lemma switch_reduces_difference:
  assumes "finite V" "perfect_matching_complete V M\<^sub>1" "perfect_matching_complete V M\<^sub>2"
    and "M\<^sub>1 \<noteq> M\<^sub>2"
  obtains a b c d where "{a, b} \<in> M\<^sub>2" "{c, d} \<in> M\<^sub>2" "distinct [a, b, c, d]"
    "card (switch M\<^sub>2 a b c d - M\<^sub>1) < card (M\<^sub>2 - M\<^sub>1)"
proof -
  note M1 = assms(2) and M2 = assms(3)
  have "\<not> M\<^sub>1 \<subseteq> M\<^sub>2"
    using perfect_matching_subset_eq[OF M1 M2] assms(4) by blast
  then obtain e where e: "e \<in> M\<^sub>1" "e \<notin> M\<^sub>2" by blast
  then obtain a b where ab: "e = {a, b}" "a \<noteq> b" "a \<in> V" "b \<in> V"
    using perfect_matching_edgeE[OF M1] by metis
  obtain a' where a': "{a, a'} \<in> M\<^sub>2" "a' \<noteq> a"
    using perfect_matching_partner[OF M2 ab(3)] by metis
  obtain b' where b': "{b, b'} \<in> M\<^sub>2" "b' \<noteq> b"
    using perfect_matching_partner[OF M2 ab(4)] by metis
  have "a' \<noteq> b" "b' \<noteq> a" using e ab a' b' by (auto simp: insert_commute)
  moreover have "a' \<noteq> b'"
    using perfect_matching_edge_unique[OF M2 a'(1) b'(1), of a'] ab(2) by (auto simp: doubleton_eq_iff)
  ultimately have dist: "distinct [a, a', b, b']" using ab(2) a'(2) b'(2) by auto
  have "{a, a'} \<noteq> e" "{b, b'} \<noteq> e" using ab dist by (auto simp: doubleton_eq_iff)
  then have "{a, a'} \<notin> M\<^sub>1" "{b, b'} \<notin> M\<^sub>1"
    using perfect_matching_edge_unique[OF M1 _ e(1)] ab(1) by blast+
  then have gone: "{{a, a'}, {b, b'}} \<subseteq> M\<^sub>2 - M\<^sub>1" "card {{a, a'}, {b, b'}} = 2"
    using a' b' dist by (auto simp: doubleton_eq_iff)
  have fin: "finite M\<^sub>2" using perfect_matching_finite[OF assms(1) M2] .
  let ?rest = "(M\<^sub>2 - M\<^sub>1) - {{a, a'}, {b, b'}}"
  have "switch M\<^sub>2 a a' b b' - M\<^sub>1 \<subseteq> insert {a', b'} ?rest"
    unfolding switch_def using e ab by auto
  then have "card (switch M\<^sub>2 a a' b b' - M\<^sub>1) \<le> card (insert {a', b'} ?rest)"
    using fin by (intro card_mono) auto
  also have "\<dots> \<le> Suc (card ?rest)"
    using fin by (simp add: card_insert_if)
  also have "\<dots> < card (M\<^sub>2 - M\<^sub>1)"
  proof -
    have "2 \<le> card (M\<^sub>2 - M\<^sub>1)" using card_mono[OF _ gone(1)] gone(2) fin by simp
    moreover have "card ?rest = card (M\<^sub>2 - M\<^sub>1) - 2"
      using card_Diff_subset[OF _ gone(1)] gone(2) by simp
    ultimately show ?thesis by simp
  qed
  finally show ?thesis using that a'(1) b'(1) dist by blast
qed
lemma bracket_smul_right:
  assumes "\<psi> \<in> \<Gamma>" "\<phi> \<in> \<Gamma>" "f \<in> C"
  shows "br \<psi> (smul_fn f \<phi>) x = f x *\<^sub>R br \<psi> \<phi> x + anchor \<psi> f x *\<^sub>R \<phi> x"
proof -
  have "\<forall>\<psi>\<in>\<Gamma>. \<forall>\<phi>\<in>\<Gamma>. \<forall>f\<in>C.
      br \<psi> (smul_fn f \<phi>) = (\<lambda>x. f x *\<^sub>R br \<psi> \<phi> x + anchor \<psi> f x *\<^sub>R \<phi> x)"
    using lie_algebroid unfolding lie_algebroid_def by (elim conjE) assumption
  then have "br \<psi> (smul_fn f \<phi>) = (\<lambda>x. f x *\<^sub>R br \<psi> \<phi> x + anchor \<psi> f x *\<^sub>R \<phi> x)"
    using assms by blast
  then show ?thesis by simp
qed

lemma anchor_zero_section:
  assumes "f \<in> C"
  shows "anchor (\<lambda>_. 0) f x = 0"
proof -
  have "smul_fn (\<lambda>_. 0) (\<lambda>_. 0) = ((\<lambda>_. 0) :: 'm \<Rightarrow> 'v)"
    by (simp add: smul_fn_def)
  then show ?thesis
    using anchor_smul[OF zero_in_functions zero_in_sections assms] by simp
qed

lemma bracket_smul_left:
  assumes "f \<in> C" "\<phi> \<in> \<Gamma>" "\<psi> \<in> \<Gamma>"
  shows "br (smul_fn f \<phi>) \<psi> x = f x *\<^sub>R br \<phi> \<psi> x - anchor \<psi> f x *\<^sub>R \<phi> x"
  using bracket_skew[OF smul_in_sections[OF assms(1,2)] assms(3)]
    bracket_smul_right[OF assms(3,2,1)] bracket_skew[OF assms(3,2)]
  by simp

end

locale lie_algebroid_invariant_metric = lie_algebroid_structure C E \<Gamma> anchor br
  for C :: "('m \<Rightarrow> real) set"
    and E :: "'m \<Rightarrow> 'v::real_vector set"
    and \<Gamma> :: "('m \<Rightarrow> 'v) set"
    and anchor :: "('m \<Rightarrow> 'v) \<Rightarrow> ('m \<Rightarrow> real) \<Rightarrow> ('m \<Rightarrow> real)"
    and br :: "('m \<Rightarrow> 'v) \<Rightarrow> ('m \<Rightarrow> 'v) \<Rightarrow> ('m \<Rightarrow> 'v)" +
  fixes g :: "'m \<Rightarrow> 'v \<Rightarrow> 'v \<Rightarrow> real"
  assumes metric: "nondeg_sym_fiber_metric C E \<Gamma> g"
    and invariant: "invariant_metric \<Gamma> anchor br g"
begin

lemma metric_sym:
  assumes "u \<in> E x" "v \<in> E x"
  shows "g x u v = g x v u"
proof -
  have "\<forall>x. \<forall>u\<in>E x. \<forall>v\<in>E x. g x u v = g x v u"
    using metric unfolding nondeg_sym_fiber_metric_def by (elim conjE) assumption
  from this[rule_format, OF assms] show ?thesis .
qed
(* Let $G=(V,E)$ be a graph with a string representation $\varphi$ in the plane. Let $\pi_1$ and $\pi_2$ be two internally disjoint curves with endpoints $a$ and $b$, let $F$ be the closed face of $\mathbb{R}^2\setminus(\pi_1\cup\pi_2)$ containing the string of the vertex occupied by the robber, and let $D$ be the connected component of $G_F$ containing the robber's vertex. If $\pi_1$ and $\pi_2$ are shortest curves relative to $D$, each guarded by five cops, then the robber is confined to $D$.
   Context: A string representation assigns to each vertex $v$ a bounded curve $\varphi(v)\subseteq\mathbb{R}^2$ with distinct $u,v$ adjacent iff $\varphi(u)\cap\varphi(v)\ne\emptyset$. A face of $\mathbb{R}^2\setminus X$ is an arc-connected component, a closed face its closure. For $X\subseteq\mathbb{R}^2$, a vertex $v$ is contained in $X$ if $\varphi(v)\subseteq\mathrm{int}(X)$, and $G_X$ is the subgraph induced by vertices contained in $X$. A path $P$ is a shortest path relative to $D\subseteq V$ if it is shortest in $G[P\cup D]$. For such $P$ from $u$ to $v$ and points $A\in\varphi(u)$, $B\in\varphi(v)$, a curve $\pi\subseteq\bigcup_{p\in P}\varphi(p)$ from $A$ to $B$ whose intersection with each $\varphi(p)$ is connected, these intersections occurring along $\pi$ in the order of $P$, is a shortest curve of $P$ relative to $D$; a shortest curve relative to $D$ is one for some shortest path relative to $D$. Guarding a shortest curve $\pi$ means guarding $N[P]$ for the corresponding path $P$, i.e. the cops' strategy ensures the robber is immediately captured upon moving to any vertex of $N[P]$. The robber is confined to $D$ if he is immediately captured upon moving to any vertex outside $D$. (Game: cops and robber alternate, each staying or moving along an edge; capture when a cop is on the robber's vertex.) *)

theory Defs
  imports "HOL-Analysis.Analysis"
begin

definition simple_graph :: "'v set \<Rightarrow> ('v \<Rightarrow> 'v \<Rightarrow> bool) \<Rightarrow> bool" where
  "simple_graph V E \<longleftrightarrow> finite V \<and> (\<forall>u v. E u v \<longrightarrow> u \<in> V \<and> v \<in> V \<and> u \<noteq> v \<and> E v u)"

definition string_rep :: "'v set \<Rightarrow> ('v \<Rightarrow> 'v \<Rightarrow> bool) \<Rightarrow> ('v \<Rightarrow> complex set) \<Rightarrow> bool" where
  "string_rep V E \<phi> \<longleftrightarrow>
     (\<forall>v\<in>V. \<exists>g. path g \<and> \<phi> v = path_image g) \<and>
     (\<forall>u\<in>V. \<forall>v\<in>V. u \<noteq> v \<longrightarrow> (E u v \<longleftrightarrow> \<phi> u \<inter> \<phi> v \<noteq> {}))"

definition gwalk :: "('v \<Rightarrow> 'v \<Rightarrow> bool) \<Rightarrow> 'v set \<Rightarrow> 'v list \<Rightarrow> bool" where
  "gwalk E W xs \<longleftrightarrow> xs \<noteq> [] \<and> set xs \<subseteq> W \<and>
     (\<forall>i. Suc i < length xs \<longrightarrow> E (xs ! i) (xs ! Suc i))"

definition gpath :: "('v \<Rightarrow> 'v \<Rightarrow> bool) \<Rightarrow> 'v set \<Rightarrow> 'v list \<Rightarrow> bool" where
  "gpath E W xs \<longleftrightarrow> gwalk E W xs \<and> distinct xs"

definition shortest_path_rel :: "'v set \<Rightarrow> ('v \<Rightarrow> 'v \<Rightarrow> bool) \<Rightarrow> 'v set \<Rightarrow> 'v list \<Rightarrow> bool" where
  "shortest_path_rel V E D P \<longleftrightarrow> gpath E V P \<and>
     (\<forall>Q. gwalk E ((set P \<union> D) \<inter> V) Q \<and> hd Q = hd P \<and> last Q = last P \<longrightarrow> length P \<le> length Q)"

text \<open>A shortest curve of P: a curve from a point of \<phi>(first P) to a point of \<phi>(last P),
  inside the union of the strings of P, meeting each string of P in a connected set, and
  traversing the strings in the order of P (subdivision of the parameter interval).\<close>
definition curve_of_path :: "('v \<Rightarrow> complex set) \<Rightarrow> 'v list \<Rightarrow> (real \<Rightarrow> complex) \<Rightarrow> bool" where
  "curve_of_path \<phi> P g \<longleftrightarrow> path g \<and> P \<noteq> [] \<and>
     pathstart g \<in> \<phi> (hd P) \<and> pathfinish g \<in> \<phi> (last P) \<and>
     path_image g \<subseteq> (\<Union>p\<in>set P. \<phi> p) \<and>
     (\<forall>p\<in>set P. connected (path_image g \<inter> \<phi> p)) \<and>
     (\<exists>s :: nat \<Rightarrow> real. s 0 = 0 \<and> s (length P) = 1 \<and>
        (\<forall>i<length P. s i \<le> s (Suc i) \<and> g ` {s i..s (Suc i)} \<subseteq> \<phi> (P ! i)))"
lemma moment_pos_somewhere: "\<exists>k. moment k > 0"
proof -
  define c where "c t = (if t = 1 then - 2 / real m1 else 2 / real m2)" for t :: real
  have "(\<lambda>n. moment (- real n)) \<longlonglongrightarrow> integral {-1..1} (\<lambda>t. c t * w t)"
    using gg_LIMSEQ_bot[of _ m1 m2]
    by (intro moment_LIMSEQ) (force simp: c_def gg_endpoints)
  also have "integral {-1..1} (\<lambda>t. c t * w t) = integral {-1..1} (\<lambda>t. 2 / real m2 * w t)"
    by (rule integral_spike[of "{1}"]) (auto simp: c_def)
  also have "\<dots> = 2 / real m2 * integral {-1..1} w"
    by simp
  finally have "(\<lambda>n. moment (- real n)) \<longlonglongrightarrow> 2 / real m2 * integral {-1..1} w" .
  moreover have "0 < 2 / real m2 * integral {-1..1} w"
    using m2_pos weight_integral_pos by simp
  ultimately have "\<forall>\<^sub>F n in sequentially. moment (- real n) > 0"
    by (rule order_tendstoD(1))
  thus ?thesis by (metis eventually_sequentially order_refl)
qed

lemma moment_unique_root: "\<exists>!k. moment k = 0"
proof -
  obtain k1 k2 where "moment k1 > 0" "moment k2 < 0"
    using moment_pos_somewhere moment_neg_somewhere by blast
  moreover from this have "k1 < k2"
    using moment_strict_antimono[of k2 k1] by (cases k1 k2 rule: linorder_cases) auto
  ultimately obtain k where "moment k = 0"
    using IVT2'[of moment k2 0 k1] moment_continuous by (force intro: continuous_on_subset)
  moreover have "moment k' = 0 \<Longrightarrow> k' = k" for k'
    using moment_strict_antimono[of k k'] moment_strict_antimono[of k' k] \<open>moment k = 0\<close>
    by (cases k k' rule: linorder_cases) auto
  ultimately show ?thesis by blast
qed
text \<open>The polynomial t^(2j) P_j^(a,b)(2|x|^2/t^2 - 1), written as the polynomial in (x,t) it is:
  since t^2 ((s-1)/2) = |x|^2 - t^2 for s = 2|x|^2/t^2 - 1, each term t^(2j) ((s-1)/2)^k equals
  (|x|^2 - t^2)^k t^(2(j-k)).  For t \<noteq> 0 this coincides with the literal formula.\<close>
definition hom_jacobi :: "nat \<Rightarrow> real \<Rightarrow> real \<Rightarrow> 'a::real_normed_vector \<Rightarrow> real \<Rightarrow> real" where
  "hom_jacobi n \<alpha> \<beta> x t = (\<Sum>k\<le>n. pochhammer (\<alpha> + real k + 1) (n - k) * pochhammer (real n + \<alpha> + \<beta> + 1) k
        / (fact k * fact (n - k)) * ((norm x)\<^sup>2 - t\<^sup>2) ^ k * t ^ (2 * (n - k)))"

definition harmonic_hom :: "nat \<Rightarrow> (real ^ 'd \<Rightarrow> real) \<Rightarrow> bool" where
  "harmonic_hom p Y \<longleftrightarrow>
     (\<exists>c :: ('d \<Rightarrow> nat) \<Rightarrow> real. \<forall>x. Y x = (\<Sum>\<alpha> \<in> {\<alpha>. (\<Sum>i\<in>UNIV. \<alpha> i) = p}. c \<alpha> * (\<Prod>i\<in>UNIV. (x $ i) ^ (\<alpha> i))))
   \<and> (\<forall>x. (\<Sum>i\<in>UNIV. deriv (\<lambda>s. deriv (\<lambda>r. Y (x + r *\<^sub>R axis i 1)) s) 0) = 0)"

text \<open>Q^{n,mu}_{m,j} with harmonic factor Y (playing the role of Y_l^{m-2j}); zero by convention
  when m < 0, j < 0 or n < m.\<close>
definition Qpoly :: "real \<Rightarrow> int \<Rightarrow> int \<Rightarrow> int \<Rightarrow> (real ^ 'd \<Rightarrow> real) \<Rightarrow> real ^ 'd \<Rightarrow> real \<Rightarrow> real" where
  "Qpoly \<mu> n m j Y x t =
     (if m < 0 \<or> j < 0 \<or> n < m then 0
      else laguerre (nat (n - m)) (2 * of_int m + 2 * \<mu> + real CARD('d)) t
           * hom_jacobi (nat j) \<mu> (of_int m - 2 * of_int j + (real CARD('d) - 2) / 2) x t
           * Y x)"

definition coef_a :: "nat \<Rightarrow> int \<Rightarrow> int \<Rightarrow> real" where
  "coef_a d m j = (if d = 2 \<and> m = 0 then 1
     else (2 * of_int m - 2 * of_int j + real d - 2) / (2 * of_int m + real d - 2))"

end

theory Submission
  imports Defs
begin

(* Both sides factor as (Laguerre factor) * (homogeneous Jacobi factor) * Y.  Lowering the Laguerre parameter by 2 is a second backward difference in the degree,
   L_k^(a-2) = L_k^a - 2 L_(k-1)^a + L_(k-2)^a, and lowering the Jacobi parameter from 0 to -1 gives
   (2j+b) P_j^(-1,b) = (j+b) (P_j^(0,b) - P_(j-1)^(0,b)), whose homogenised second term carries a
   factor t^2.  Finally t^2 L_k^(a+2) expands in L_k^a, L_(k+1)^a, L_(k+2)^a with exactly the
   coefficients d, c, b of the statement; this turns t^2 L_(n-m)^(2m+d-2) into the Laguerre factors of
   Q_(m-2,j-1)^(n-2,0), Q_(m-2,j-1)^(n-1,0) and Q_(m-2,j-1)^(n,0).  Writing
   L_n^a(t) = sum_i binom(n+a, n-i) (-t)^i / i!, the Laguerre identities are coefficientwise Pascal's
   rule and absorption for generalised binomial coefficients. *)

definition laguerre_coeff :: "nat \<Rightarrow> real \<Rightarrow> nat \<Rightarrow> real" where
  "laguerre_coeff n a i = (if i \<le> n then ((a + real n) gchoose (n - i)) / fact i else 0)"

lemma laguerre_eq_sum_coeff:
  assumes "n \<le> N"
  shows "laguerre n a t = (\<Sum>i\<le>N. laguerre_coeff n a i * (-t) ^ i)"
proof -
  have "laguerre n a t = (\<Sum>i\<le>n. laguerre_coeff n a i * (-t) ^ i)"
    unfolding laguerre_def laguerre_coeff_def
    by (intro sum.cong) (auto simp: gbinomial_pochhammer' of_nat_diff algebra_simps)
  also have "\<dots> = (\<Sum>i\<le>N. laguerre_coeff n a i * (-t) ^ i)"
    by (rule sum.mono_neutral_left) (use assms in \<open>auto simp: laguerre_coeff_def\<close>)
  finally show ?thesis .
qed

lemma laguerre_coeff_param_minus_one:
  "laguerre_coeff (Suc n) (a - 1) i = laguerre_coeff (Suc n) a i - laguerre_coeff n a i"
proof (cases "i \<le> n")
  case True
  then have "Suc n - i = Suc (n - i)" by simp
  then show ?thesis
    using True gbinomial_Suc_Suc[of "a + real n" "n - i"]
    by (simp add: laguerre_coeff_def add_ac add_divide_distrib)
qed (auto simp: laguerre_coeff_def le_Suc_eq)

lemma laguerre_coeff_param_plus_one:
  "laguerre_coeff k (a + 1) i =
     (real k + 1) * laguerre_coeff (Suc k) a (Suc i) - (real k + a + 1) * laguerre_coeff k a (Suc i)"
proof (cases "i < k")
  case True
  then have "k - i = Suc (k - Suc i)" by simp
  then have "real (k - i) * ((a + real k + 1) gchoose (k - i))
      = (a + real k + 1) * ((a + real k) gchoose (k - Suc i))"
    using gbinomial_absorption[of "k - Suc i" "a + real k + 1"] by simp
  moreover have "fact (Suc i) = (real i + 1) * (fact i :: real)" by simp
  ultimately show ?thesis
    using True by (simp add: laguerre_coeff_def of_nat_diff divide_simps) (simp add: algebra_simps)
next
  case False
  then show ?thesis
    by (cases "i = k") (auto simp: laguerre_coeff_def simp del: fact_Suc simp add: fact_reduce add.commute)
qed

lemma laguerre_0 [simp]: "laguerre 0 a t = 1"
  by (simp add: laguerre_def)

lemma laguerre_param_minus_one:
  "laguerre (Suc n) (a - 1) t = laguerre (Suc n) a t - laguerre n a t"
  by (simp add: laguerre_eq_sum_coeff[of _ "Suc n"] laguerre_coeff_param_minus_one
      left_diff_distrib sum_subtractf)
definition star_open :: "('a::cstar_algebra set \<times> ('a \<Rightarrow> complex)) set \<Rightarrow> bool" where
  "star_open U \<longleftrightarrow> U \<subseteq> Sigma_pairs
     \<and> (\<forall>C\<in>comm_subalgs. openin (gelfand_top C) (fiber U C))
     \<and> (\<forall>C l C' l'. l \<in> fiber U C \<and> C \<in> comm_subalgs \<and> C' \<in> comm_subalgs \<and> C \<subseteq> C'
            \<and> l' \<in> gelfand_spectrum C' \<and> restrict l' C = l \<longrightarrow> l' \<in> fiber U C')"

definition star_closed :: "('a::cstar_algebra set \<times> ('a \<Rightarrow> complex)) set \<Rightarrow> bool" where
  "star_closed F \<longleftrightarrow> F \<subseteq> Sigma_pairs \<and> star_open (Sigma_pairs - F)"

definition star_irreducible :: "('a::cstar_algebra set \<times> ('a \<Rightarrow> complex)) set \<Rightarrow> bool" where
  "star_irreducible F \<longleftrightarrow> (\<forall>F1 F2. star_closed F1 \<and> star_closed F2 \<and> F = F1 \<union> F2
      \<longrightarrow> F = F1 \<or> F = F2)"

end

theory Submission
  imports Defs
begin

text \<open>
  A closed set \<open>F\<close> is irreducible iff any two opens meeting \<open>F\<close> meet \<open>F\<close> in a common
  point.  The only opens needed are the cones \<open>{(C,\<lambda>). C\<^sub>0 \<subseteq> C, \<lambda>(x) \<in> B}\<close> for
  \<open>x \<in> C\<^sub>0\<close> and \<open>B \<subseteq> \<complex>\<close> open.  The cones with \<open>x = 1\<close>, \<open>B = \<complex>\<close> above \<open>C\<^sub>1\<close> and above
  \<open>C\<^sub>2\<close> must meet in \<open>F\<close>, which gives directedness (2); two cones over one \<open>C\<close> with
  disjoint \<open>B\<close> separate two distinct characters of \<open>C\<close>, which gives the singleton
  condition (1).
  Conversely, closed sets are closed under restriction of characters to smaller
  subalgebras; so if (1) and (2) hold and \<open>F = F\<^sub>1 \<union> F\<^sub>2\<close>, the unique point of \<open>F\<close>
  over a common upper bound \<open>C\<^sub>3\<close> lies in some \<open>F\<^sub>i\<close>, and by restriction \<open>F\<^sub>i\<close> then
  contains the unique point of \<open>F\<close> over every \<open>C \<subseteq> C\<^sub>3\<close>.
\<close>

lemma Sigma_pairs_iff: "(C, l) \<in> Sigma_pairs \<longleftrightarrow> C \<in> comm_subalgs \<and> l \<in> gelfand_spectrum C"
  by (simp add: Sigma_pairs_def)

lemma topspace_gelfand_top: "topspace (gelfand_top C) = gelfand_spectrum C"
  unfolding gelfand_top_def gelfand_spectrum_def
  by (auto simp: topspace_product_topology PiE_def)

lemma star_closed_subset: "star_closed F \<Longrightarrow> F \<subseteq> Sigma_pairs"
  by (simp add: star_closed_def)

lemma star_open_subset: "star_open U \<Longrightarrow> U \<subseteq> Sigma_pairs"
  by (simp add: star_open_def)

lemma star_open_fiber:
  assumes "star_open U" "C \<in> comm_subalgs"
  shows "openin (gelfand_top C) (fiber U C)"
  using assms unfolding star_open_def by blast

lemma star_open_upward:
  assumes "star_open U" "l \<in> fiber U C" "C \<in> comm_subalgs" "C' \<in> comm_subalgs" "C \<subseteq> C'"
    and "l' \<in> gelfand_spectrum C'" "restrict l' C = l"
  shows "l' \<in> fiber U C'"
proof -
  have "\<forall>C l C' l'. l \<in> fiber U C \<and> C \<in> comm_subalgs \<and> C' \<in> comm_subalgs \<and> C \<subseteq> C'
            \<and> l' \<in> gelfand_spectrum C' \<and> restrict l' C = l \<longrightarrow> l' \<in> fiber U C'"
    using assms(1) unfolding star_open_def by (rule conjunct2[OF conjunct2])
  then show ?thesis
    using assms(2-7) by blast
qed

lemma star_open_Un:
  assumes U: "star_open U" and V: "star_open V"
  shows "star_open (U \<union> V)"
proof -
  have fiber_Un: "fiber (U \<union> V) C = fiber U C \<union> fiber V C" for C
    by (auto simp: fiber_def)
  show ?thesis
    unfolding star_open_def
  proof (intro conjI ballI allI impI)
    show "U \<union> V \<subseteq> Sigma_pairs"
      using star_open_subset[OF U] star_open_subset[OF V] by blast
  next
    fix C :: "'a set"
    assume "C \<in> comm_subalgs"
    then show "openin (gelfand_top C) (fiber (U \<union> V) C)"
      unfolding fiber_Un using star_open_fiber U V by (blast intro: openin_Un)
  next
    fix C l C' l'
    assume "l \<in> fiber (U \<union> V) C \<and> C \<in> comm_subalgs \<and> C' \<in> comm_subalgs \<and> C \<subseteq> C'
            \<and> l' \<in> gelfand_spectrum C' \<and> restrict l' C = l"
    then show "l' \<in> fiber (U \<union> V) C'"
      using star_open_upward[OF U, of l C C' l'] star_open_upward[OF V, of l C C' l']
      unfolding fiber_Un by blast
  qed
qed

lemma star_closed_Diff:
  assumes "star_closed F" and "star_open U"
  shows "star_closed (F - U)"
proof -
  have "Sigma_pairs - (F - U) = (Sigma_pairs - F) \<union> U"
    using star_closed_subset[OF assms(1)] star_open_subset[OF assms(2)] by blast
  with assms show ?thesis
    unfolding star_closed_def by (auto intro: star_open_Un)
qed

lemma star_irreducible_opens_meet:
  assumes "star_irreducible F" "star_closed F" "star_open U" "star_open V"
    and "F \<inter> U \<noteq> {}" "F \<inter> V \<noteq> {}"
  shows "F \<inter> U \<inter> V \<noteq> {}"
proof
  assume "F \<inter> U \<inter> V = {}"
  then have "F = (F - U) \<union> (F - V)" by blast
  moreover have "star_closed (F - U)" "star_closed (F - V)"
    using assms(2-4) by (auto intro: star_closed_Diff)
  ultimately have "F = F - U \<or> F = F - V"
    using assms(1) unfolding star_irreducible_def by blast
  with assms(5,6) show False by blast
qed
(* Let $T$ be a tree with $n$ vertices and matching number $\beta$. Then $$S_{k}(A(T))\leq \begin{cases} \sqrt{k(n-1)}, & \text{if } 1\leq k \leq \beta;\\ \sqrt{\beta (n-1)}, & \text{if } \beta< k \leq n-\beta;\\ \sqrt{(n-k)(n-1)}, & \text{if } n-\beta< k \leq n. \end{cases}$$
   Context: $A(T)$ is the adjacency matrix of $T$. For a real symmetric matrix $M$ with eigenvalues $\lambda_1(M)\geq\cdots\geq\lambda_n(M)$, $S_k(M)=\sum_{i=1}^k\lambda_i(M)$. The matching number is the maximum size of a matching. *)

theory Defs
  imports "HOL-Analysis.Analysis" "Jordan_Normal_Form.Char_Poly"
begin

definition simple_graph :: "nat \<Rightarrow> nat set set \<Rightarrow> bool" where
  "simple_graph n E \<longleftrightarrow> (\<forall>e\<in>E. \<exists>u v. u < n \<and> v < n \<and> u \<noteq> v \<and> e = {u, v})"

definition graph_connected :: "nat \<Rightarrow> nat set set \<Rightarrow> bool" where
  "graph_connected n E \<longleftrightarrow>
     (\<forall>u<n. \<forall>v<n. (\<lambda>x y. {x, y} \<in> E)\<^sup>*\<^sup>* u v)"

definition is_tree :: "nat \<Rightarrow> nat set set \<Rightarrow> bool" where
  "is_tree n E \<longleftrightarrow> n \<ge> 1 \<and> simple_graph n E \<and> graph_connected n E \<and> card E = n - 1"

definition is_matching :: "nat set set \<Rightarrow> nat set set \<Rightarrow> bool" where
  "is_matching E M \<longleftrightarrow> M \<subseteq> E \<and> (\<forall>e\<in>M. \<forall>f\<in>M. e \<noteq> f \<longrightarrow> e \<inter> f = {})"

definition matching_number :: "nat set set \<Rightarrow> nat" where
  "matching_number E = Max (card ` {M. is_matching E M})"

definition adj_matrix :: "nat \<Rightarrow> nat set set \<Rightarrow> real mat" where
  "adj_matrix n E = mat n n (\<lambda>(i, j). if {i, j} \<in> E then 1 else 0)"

☆ ☆ ☆ ☆ ☆ ☆ ☆

• **What the task requires**
Could you return exactly the lines above from the line with "using assms(1) unfolding star_open_def" to the line with "V) C \<and>", both included, and nothing else?

• **Exercise response**
    using assms(1) unfolding star_open_def by (rule conjunct2[OF conjunct2])
  then show ?thesis
    using assms(2-7) by blast
qed

lemma star_open_Un:
  assumes U: "star_open U" and V: "star_open V"
  shows "star_open (U \<union> V)"
proof -
  have fiber_Un: "fiber (U \<union> V) C = fiber U C \<union> fiber V C" for C
    by (auto simp: fiber_def)
  show ?thesis
    unfolding star_open_def
  proof (intro conjI ballI allI impI)
    show "U \<union> V \<subseteq> Sigma_pairs"
      using star_open_subset[OF U] star_open_subset[OF V] by blast
  next
    fix C :: "'a set"
    assume "C \<in> comm_subalgs"
    then show "openin (gelfand_top C) (fiber (U \<union> V) C)"
      unfolding fiber_Un using star_open_fiber U V by (blast intro: openin_Un)
  next
    fix C l C' l'
    assume "l \<in> fiber (U \<union> V) C \<and> C \<in> comm_subalgs \<and> C' \<in> comm_subalgs \<and> C \<subseteq> C'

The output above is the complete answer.